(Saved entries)
>>>>

lemma scan_step_start: "e \<noteq> 0 \<Longrightarrow> scan_step ([], 0, False) e = ([e], 0, True)"
  by (simp add: scan_step_def)

lemma foldl_scan_step_leading:
  "e \<noteq> 0 \<Longrightarrow> foldl scan_step ([], 0, False) (replicate n 0 @ e # r) = foldl scan_step ([e], 0, True) r"
  by (simp add: foldl_scan_step_leading_zeros scan_step_start)

lemma length_scan_finish_II:
  "out \<noteq> [] \<Longrightarrow> length (scan_finish False (foldl scan_step (out, z, True) ys)) + 2 * ceil_half_sum (zr z ys)
     = length out + z + length ys"
proof (induction ys arbitrary: out z)
  case (Cons e ys)
  consider "e = 0" | "e \<noteq> 0" "odd z" | "e \<noteq> 0" "even z" by blast
  then show ?case
  proof cases
    case 1
    then show ?thesis using Cons.IH[of out "Suc z"] Cons.prems by (simp add: scan_step_def)
  next
    case 2
    then have "zr z (e # ys) = z # zr 0 ys" by (simp add: odd_pos)
    then have "2 * ceil_half_sum (zr z (e # ys)) = z + 1 + 2 * ceil_half_sum (zr 0 ys)"
      using 2 by (simp add: ceil_half_sum_def)
    moreover have "scan_step (out, z, True) e = ((hd out + e) # tl out, 0, True)"
      using 2 by (simp add: scan_step_def)
    ultimately show ?thesis using Cons.IH[of "(hd out + e) # tl out" 0] Cons.prems by simp
  next
    case 3
    then have "2 * ceil_half_sum (zr z (e # ys)) = z + 2 * ceil_half_sum (zr 0 ys)"
      by (cases "z = 0") (simp_all add: ceil_half_sum_def)
    moreover have "scan_step (out, z, True) e = (e # out, 0, True)"
      using 3 by (simp add: scan_step_def)
    ultimately show ?thesis using Cons.IH[of "e # out" 0] Cons.prems by simp
  qed
qed (auto simp: scan_finish_II ceil_half_sum_def)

<<<<

The task: Beginning at the top of the records above, transcribe each line exactly up to and including the line that holds "by (simp add: foldl_scan_step_leading_zeros".

Solution to the exercise:
lemma scan_step_start: "e \<noteq> 0 \<Longrightarrow> scan_step ([], 0, False) e = ([e], 0, True)"
  by (simp add: scan_step_def)

lemma foldl_scan_step_leading:
  "e \<noteq> 0 \<Longrightarrow> foldl scan_step ([], 0, False) (replicate n 0 @ e # r) = foldl scan_step ([e], 0, True) r"
  by (simp add: foldl_scan_step_leading_zeros scan_step_start)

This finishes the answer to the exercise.